A spring with an unstrained length of 0.076 m and a spring constant of 2.6 N/m hangs vertically downward from the ceiling. A uniform electric field directed vertically upward fills the region containing the spring. A sphere with a mass of 5.09 10-3 kg and a net charge of +6.5 µC is attached to the lower end of the spring. The spring is released slowly, until it reaches equilibrium. The equilibrium length of the spring is 0.059 m. What is the magnitude of the external electric field?
Answer in N/C
Note: the way my teacher told me to solve it is to use the equation: mg+ kx=qE. I know i have to solve for E but I don't know what to plug in for (g). Any help would be great! Thanks
Youre summing forces so mg is force due to gravity g=9.8
There are three forces, kx the spring
mg gravity
and qE the field force
To solve for the magnitude of the external electric field (E), we can use the equation provided by your teacher:
mg + kx = qE
Here's how you can solve for E:
1. Determine the values for the variables in the equation:
- m = mass of the sphere = 5.09 × 10^(-3) kg
- g = acceleration due to gravity = 9.8 m/s^2 (assuming we are on Earth)

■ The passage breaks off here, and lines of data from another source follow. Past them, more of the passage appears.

lemma word_mech_eq_mixture:
  assumes "L \<noteq> []"
  shows "word_mech \<epsilon> L w = pmf_of_set {..<length L} \<bind> (\<lambda>l. list_mech \<epsilon> (L ! l) w)"
proof -
  let ?X = "Pi_pmf {..<length L} 0 (\<lambda>_. two_sided_geom \<epsilon>)"
  have "word_mech \<epsilon> L w = pmf_of_set {..<length L} \<bind>
          (\<lambda>l. map_pmf (\<lambda>x. L ! l ! clamp (length (L ! l)) (int (word_index (L ! l) w) + x))
                 (map_pmf (\<lambda>X. X l) ?X))"
    unfolding word_mech_def by (subst bind_commute_pmf) (simp add: map_pmf_def bind_assoc_pmf bind_return_pmf)
  also have "\<dots> = pmf_of_set {..<length L} \<bind> (\<lambda>l. list_mech \<epsilon> (L ! l) w)"
    using assms by (intro bind_pmf_cong refl) (simp add: Pi_pmf_component list_mech_def lessThan_empty_iff)
  finally show ?thesis .
qed

lemma pmf_list_mech_le:
  assumes "\<epsilon> > 0"
  shows "pmf (list_mech \<epsilon> xs w) z \<le> exp (\<epsilon> * real (d_list xs w w')) * pmf (list_mech \<epsilon> xs w') z"
proof -
  let ?G = "two_sided_geom \<epsilon>"
  let ?a = "int (word_index xs w)" and ?a' = "int (word_index xs w')"
  have mech: "list_mech \<epsilon> xs v = map_pmf (\<lambda>k. xs ! clamp (length xs) k) (map_pmf ((+) (int (word_index xs v))) ?G)"
    for v by (simp add: list_mech_def map_pmf_comp)
  have shift: "pmf (map_pmf ((+) a) ?G) k = pmf ?G (k - a)" for a k :: int
    using pmf_map_inj'[of "(+) a" ?G "k - a"] by (simp add: inj_def)
  have "pmf (map_pmf ((+) ?a) ?G) k \<le> exp (\<epsilon> * real (d_list xs w w')) * pmf (map_pmf ((+) ?a') ?G) k" for k
    using pmf_two_sided_geom_le_shift[OF assms, of "k - ?a" "?a - ?a'"] by (simp add: shift d_list_def)
  then show ?thesis
    unfolding mech by (rule pmf_map_le_if_pmf_le)
qed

- k = spring constant = 2.6 N/m
- x = displacement from the unstrained length to the equilibrium position = 0.059 m (given in the question)
- q = net charge on the sphere = +6.5 × 10^(-6) C (given in the question)
2. Plug in these values into the equation:
(5.09 × 10^(-3) kg) * (9.8 m/s^2) + (2.6 N/m) * (0.059 m) = (6.5 × 10^(-6) C) * E
3. Simplify the equation:
0.049882 N + 0.1534 N = 6.5 × 10^(-6) C * E
0.203282 N = 6.5 × 10^(-6) C * E
4. Solve for E:
E = 0.203282 N / (6.5 × 10^(-6) C)
5. Calculate the magnitude of the external electric field:
E ≈ 3.126 × 10^4 N/C
Therefore, the magnitude of the external electric field is approximately 3.126 × 10^4 N/C.